──────── Source data

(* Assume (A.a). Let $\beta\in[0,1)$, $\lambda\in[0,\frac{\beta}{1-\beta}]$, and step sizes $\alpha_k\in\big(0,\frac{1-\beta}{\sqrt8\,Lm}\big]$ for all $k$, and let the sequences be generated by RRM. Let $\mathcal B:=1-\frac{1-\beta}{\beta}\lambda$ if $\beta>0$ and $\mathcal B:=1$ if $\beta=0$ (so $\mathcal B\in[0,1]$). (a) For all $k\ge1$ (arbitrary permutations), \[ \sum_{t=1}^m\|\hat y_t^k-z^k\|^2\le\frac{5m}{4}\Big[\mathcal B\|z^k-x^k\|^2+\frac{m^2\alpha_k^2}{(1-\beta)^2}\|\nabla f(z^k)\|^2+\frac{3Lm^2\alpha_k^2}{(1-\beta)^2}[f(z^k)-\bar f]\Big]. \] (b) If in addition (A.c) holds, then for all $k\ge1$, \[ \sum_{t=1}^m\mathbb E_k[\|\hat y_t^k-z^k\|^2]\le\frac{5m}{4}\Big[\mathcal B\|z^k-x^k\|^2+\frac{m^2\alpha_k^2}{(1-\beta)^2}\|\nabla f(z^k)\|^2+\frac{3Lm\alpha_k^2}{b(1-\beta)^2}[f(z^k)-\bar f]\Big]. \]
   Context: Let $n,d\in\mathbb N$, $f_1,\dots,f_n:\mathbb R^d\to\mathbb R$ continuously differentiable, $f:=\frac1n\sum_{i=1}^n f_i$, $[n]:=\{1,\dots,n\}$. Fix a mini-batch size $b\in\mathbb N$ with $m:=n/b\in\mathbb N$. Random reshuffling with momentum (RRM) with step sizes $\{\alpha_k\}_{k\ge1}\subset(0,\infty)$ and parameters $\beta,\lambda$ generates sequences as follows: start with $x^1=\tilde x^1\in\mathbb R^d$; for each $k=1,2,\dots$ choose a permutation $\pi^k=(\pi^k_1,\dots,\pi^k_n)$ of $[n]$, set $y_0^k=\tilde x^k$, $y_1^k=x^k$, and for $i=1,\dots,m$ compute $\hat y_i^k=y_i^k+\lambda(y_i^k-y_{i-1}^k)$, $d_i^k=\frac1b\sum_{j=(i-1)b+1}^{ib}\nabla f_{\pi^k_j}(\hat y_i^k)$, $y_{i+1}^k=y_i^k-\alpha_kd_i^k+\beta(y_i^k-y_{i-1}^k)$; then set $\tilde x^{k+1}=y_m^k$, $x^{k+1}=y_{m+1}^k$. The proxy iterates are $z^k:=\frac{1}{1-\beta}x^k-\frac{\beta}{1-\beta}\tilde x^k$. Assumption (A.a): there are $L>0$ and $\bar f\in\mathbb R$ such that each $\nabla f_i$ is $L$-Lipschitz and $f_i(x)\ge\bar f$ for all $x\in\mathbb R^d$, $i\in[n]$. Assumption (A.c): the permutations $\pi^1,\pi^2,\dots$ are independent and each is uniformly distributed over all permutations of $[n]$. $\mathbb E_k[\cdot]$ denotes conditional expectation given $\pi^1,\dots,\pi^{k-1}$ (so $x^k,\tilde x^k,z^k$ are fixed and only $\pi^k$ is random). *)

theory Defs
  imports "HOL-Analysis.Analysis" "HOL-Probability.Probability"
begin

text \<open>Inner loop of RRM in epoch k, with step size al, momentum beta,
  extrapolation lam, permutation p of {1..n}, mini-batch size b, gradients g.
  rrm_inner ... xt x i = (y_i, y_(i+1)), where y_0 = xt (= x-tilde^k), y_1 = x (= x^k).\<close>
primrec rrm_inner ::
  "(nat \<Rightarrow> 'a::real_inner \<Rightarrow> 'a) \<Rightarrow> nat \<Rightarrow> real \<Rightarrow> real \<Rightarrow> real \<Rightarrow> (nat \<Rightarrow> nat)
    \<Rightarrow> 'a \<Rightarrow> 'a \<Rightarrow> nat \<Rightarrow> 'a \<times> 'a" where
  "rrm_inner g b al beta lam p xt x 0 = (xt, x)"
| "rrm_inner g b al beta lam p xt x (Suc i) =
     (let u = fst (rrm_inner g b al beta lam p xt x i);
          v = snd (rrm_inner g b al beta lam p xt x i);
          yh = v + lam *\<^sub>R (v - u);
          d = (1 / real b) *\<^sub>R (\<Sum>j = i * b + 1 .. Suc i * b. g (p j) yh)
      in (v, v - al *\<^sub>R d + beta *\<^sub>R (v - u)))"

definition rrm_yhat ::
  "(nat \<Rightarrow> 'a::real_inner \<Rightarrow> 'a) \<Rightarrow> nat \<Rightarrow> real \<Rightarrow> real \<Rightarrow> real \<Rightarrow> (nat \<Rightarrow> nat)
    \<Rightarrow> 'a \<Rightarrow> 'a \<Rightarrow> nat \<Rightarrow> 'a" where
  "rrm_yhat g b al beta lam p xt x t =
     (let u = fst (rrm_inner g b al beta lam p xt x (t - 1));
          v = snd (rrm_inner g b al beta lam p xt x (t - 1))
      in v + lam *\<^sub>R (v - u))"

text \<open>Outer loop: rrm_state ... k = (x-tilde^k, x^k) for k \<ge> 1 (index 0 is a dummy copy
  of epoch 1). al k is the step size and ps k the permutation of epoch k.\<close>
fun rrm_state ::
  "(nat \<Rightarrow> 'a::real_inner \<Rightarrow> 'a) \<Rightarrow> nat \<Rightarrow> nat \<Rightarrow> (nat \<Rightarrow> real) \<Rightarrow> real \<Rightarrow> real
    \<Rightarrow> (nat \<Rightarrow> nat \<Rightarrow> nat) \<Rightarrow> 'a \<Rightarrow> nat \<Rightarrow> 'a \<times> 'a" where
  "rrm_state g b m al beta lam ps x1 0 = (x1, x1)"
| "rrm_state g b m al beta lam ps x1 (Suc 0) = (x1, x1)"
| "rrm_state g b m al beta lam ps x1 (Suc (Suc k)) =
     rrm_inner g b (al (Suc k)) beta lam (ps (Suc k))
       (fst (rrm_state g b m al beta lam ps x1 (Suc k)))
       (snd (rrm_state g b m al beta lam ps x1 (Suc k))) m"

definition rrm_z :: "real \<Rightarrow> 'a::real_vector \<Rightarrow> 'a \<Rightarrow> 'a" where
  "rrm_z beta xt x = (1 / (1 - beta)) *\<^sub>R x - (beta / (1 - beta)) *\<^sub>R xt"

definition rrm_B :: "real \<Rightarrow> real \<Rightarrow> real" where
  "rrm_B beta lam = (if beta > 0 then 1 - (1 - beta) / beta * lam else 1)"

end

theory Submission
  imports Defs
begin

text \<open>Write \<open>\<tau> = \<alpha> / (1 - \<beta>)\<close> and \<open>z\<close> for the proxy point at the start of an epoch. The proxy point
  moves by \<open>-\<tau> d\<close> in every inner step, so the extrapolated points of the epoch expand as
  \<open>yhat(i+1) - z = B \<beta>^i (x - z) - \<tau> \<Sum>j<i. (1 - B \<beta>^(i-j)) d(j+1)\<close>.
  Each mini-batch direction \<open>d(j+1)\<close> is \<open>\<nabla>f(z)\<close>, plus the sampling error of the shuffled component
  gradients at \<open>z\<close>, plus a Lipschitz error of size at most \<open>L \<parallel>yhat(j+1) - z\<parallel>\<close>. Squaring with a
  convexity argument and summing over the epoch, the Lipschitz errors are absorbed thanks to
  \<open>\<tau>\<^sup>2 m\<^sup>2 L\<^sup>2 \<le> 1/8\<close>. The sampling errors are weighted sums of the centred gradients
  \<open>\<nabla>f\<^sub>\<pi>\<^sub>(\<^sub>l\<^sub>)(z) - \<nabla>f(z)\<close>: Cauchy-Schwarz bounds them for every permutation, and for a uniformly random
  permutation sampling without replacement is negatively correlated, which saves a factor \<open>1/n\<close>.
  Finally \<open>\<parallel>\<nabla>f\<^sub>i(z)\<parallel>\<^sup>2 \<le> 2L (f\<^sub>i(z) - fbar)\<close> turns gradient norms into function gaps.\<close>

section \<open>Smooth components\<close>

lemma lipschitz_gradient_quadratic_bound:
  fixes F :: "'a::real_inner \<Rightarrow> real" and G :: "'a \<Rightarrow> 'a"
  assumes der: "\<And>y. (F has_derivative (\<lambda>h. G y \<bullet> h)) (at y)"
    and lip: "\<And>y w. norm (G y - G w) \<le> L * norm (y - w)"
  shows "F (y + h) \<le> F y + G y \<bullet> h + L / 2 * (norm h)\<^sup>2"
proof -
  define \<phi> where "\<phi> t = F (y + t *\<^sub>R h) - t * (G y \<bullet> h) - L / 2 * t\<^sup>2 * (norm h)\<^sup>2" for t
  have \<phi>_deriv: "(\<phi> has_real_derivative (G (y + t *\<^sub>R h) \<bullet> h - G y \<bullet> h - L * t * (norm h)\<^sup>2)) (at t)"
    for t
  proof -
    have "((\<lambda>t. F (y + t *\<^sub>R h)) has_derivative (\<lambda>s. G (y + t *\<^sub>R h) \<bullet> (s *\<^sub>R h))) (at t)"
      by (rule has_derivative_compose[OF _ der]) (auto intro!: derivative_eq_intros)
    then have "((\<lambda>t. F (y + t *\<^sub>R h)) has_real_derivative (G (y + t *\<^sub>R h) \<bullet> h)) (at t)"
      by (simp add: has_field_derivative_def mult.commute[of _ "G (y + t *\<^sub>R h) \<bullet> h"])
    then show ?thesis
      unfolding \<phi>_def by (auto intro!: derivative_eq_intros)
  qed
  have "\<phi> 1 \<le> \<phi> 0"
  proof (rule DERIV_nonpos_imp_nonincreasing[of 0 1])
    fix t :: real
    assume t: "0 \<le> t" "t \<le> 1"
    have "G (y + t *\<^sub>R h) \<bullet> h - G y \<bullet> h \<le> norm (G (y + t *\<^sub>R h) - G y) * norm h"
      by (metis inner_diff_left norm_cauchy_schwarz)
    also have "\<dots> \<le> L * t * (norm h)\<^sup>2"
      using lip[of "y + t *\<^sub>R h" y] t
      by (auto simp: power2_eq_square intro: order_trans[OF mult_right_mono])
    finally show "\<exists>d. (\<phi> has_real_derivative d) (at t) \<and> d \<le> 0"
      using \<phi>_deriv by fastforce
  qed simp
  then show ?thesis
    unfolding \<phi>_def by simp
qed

────────────────

#### What you will do:
Using the data above, return each line that includes the word "parallel".

#### Answer area:
  gradients at \<open>z\<close>, plus a Lipschitz error of size at most \<open>L \<parallel>yhat(j+1) - z\<parallel>\<close>. Squaring with a
  Finally \<open>\<parallel>\<nabla>f\<^sub>i(z)\<parallel>\<^sup>2 \<le> 2L (f\<^sub>i(z) - fbar)\<close> turns gradient norms into function gaps.\<close>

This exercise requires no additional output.